REVIEW BY: David McCandless

Blurb: This shows the number of ankhs collected. Ankhs are magical symbols used to open the locked doors which bar your progress. This is the value of treasure collected. Not only are you out to save the world, but you're going to invest the apocalyptic profits in the Stock Market too. This is the current state of the eclipse. When the moon completely obfuscates (what a word) the sun then bang! Goodbye cruel world. WATER BOTTLE It's hot in Egypt. The water is there to stop you being shrivelled up and embalmed by the sun. It can be refilled at water troughs hidden inside the pyramid. WRIST WATCH Remarkably enough this helps you keep an eye on the time. The eclipse will happen at ten o' clock sharp, so keep moving. HEART BEAT This shows how fast your heart is pulsating - if it pulsates too fast you die. COMPASS This is an essential part of any adventurer's equipment. Use it to make a map.
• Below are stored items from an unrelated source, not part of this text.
lemma triangles_pos_if_rings_cover:
  assumes "3 * m \<le> n" "i < m" "j < m" "l < m"
    and "SA \<inter> SB \<noteq> {}" "SB \<inter> SC \<noteq> {}" "SC \<inter> SA \<noteq> {}"
    and "f \<in> rings_cover n (triangle_demand m i j l SA SB SC)"
  shows "triangles n f > 0"
proof (rule triangles_pos[of "Suc i" "m + Suc j" "2 * m + Suc l"])
  have "SA \<subseteq> f (Suc i)" "SB \<subseteq> f (m + Suc j)" "SC \<subseteq> f (2 * m + Suc l)"
    using assms unfolding rings_cover_def triangle_demand_def node_demand_def
    by (fastforce dest: bspec[of _ _ "Suc i"] bspec[of _ _ "m + Suc j"] bspec[of _ _ "2 * m + Suc l"])+
  then show "f (Suc i) \<inter> f (m + Suc j) \<noteq> {}" "f (m + Suc j) \<inter> f (2 * m + Suc l) \<noteq> {}"
      "f (2 * m + Suc l) \<inter> f (Suc i) \<noteq> {}"
    using assms(5-7) by blast+
qed (use assms in auto)

lemma prob_no_triangle_eq_0:
  assumes "3 \<le> n" "K \<le> P" "P < 2 * K"
  shows "measure_pmf.prob (rkg_pmf n K P) {f. triangles n f = 0} = 0"
proof -
  have "triangles n f > 0" if "f \<in> set_pmf (rkg_pmf n K P)" for f
  proof (rule triangles_pos[of 1 2 3])
    have "f x \<in> key_rings K P" if "x \<in> {1..3}" for x
      using rings_in_key_rings[of f n K P x] that \<open>f \<in> set_pmf _\<close> assms by auto
    then have "f 1 \<in> key_rings K P" "f 2 \<in> key_rings K P" "f 3 \<in> key_rings K P"
      by auto
    then show "f 1 \<inter> f 2 \<noteq> {}" "f 2 \<inter> f 3 \<noteq> {}" "f 3 \<inter> f 1 \<noteq> {}"
      using key_rings_meet \<open>P < 2 * K\<close> by blast+
  qed (use assms in auto)
  then show ?thesis
    by (fastforce simp: measure_pmf_zero_iff)
qed

lemma prob_no_triangle_le_second_moment:
  assumes "finite A" "A \<noteq> {}" "\<pi> > 0"
    and "\<And>\<alpha> f. \<alpha> \<in> A \<Longrightarrow> f \<in> E \<alpha> \<Longrightarrow> triangles n f > 0"
    and "\<And>\<alpha>. \<alpha> \<in> A \<Longrightarrow> measure_pmf.prob (rkg_pmf n K P) (E \<alpha>) = \<pi>"
    and "\<And>\<alpha>. \<alpha> \<in> A \<Longrightarrow>
      (\<Sum>\<beta>\<in>A. measure_pmf.prob (rkg_pmf n K P) (E \<alpha> \<inter> E \<beta>)) \<le> real (card A) * \<pi>\<^sup>2 * C"
  shows "measure_pmf.prob (rkg_pmf n K P) {f. triangles n f = 0} \<le> C - 1"
proof -
  have "measure_pmf.prob (rkg_pmf n K P) {f. triangles n f = 0} \<le>
      measure_pmf.prob (rkg_pmf n K P) {f. \<forall>\<alpha>\<in>A. f \<notin> E \<alpha>}"
    using assms(4) by (intro measure_pmf.finite_measure_mono) force+
  also have "\<dots> \<le> C - 1"
    using assms by (intro prob_none_le_second_moment_uniform) auto
  finally show ?thesis .
qed

lemma sum_if_eq_else:
  fixes c d :: real
  assumes "finite I" "a \<in> I"
  shows "(\<Sum>x\<in>I. if a = x then c else d) = c + (real (card I) - 1) * d"
proof -
  have "(\<Sum>x\<in>I. if a = x then c else d) = (\<Sum>x\<in>I. d + (if a = x then c - d else 0))"
    by (intro sum.cong) auto
  also have "\<dots> = c + (real (card I) - 1) * d"
    using assms by (simp add: sum.distrib algebra_simps)
  finally show ?thesis .
qed

lemma sum_cube_if_eq:
  fixes c1 c2 c3 :: real
  assumes "i < m" "j < m" "l < m"
  shows "(\<Sum>(i', j', l')\<in>{..<m} \<times> {..<m} \<times> {..<m}.
           (if i = i' then c1 else 1) * (if j = j' then c2 else 1) * (if l = l' then c3 else 1)) =
         (real m - 1 + c1) * (real m - 1 + c2) * (real m - 1 + c3)"
proof -
  let ?f = "\<lambda>i'. if i = i' then c1 else 1" and ?g = "\<lambda>j'. if j = j' then c2 else 1"
    and ?h = "\<lambda>l'. if l = l' then c3 else 1"
  have "(\<Sum>(i', j', l')\<in>{..<m} \<times> {..<m} \<times> {..<m}. ?f i' * ?g j' * ?h l') =
        (\<Sum>i'<m. ?f i' * (\<Sum>j'<m. ?g j' * (\<Sum>l'<m. ?h l')))"
    by (simp add: sum.cartesian_product' sum_distrib_left mult.assoc)
  also have "\<dots> = sum ?f {..<m} * (sum ?g {..<m} * sum ?h {..<m})"
    by (simp only: sum_distrib_right[symmetric])
  finally show ?thesis
    using assms by (simp add: sum_if_eq_else ac_simps)
qed

section \<open>Triangles on a shared key\<close>

definition shared_key_event :: "nat \<Rightarrow> nat \<Rightarrow> nat \<times> nat \<times> nat \<times> nat \<Rightarrow> (nat \<Rightarrow> nat set) set" where
  "shared_key_event n m = (\<lambda>(k, i, j, l). rings_cover n (triangle_demand m i j l {k} {k} {k}))"

lemma prob_shared_key_event_Int_le:
  assumes "3 * m \<le> n" "1 \<le> K" "K \<le> P"
    and "(k, i, j, l) \<in> {1..P} \<times> {..<m} \<times> {..<m} \<times> {..<m}"
    and "(k', i', j', l') \<in> {1..P} \<times> {..<m} \<times> {..<m} \<times> {..<m}"
  defines "c \<equiv> if k = k' then real P / real K else 1"
  shows "measure_pmf.prob (rkg_pmf n K P)
           (shared_key_event n m (k, i, j, l) \<inter> shared_key_event n m (k', i', j', l')) \<le>
         (real K / real P) ^ 6 * ((if i = i' then c else 1) * (if j = j' then c else 1) * (if l = l' then c else 1))"
proof -
  have factor: "pair_incl_prob K P x x' {k} {k'} \<le> (real K / real P)\<^sup>2 * (if x = x' then c else 1)" for x x'
    using pair_incl_prob_singletons_le[OF assms(2,3), of x x' k k']
    by (cases "x = x'"; cases "k = k'") (simp_all add: c_def)
  have "measure_pmf.prob (rkg_pmf n K P)
      (shared_key_event n m (k, i, j, l) \<inter> shared_key_event n m (k', i', j', l')) =
      pair_incl_prob K P i i' {k} {k'} * pair_incl_prob K P j j' {k} {k'} * pair_incl_prob K P l l' {k} {k'}"
    unfolding shared_key_event_def prod.case using assms by (intro prob_triangle_demands_Int) auto
  also have "\<dots> \<le> (real K / real P)\<^sup>2 * (if i = i' then c else 1) *
      ((real K / real P)\<^sup>2 * (if j = j' then c else 1)) * ((real K / real P)\<^sup>2 * (if l = l' then c else 1))"
    using assms by (intro mult_mono factor) (auto simp: pair_incl_prob_nonneg c_def)
  finally show ?thesis
    by (simp add: algebra_simps eval_nat_numeral)
qed

lemma prob_shared_key_event:
  assumes "3 * m \<le> n" "K \<le> P" "\<alpha> \<in> {1..P} \<times> {..<m} \<times> {..<m} \<times> {..<m}"
  shows "measure_pmf.prob (rkg_pmf n K P) (shared_key_event n m \<alpha>) = (real K / real P) ^ 3"
proof -
  obtain k i j l where \<alpha>: "\<alpha> = (k, i, j, l)" "k \<in> {1..P}" "i < m" "j < m" "l < m"
    using assms(3) by auto
  have "measure_pmf.prob (rkg_pmf n K P) (shared_key_event n m \<alpha> \<inter> shared_key_event n m \<alpha>) =
      pair_incl_prob K P i i {k} {k} * pair_incl_prob K P j j {k} {k} * pair_incl_prob K P l l {k} {k}"
    unfolding \<alpha> shared_key_event_def prod.case using \<alpha> assms by (intro prob_triangle_demands_Int) auto
  then show ?thesis
    by (simp add: pair_incl_prob_def power3_eq_cube)
qed

lemma sum_prob_shared_key_event_Int_le:
  assumes "3 * m \<le> n" "1 \<le> K" "K \<le> P" "\<alpha> \<in> {1..P} \<times> {..<m} \<times> {..<m} \<times> {..<m}"
  shows "(\<Sum>\<beta>\<in>{1..P} \<times> {..<m} \<times> {..<m} \<times> {..<m}.
            measure_pmf.prob (rkg_pmf n K P) (shared_key_event n m \<alpha> \<inter> shared_key_event n m \<beta>)) \<le>
         (real K / real P) ^ 6 * ((real m + real P / real K) ^ 3 + (real P - 1) * real m ^ 3)"
proof -
  obtain k i j l where \<alpha>: "\<alpha> = (k, i, j, l)" "k \<in> {1..P}" "i < m" "j < m" "l < m"
    using assms(4) by auto
  let ?c = "\<lambda>k'. if k = k' then real P / real K else 1"
  have "(\<Sum>\<beta>\<in>{1..P} \<times> {..<m} \<times> {..<m} \<times> {..<m}.
           measure_pmf.prob (rkg_pmf n K P) (shared_key_event n m \<alpha> \<inter> shared_key_event n m \<beta>)) \<le>
      (\<Sum>(k', i', j', l')\<in>{1..P} \<times> {..<m} \<times> {..<m} \<times> {..<m}. (real K / real P) ^ 6 *
        ((if i = i' then ?c k' else 1) * (if j = j' then ?c k' else 1) * (if l = l' then ?c k' else 1)))"
    using assms \<alpha> by (intro sum_mono) (auto intro: prob_shared_key_event_Int_le)
  also have "\<dots> = (real K / real P) ^ 6 * (\<Sum>k'\<in>{1..P}. \<Sum>(i', j', l')\<in>{..<m} \<times> {..<m} \<times> {..<m}.
      (if i = i' then ?c k' else 1) * (if j = j' then ?c k' else 1) * (if l = l' then ?c k' else 1))"
    by (simp add: sum.cartesian_product' sum_distrib_left)
  also have "\<dots> = (real K / real P) ^ 6 * (\<Sum>k'\<in>{1..P}. (real m - 1 + ?c k') ^ 3)"
    by (simp add: sum_cube_if_eq[OF \<alpha>(3-5)] power3_eq_cube)
  also have "\<dots> = (real K / real P) ^ 6 * (\<Sum>k'\<in>{1..P}. if k = k' then (real m - 1 + real P / real K) ^ 3
      else real m ^ 3)"
    by (intro arg_cong2[where f = "(*)"] sum.cong) auto
  also have "\<dots> = (real K / real P) ^ 6 * ((real m - 1 + real P / real K) ^ 3 + (real P - 1) * real m ^ 3)"
    using \<alpha> by (simp add: sum_if_eq_else)
  also have "\<dots> \<le> (real K / real P) ^ 6 * ((real m + real P / real K) ^ 3 + (real P - 1) * real m ^ 3)"
    using \<alpha> by (intro mult_left_mono add_right_mono power_mono) auto
  finally show ?thesis .
qed

lemma triangles_pos_if_shared_key_event:
  assumes "3 * m \<le> n" "\<alpha> \<in> {1..P} \<times> {..<m} \<times> {..<m} \<times> {..<m}" "f \<in> shared_key_event n m \<alpha>"
  shows "triangles n f > 0"
  using assms triangles_pos_if_rings_cover[OF assms(1), of _ _ _ "{_}" "{_}" "{_}" f]
  by (fastforce simp: shared_key_event_def)

lemma shared_key_excess_le:
  fixes z P t :: real
  assumes "0 < z" "1 \<le> P" "0 \<le> t" "P\<^sup>2 / z ^ 3 \<le> t ^ 3"
  shows "3 / z + 3 * P / z\<^sup>2 + P\<^sup>2 / z ^ 3 \<le> (2 + t) ^ 3 - 8"
proof -
  have "(1 / z) ^ 3 \<le> P\<^sup>2 / z ^ 3"
    using assms by (simp add: power_divide divide_right_mono one_le_power)
  then have "(1 / z) ^ Suc 2 \<le> t ^ Suc 2"
    using assms(4) by (simp add: numeral_3_eq_3)
  then have "1 / z \<le> t"
    using power_le_imp_le_base assms(3) by blast
  have "(P / z\<^sup>2) ^ 3 \<le> (P\<^sup>2 / z ^ 3)\<^sup>2"
    using assms by (simp add: power_divide divide_right_mono power_increasing flip: power_mult)
  also have "\<dots> \<le> (t ^ 3)\<^sup>2"
    using assms by (intro power_mono) auto
  also have "\<dots> = (t\<^sup>2) ^ 3"
    by (simp flip: power_mult)
  finally have "(P / z\<^sup>2) ^ Suc 2 \<le> (t\<^sup>2) ^ Suc 2"
    by (simp add: numeral_3_eq_3)
  then have "P / z\<^sup>2 \<le> t\<^sup>2"
    using power_le_imp_le_base by (metis zero_le_power2)
  have "3 / z + 3 * P / z\<^sup>2 + P\<^sup>2 / z ^ 3 = 3 * (1 / z) + 3 * (P / z\<^sup>2) + P\<^sup>2 / z ^ 3"
    by simp
  also have "\<dots> \<le> 3 * t + 3 * t\<^sup>2 + t ^ 3"
    using \<open>1 / z \<le> t\<close> \<open>P / z\<^sup>2 \<le> t\<^sup>2\<close> assms(4) by (intro add_mono mult_left_mono) auto
  also have "\<dots> \<le> (2 + t) ^ 3 - 8"
    using assms(3) by (simp add: algebra_simps power2_eq_square power3_eq_cube)
  finally show ?thesis .
qed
Blurb: PYRAMIDIOCY In 1968, a group of American scientists X-rayed every inch of the Chephren pyramid in Egypt. During the experiment, X-ray scans, made from the same point at the same time on consecutive days, were completely different, as though the interior of the pyramid was constantly changing... When Karl Drbal, an Hungarian engineer, placed a blunt razor blade in his cardboard scale model of the great pyramid of Giza, he found, after a week, that the blade had mysteriously sharpened itself, as if it had never been used in the first place! Digging up lost Pharoh's tomb's is not an occupation life-insurance firms approve of, especially after some inquisitive archaeologists, led by Lord Carnarvon and Howard Carter, discovered and broke into Tutankhamun's tomb in 1922. In the years after the discovery, over a dozen people connected with the tomb dies in suspicious circumstances. Carnarvon was bitten on the cheek by a mosquito in the tomb, the bite became infected, and he died of pneumonia. And at the exact moment of his death, all the lights in Cairo went out. And back home in Hampshire, his dog howled once and died on the spot. Stranger still was the mark found on the cheek of the mummified remains of Tutankhamun - it corresponded exactly to the injury that killed Lord Carnarvon...

Life Expectancy90%
Instant Appeal85%
Graphics75%
Addictiveness83%
Overall90%
Summary: Excellent Egyptian elaboration on the Total Eclipse theme, fab value, and good 'entry-level' for Freescape games.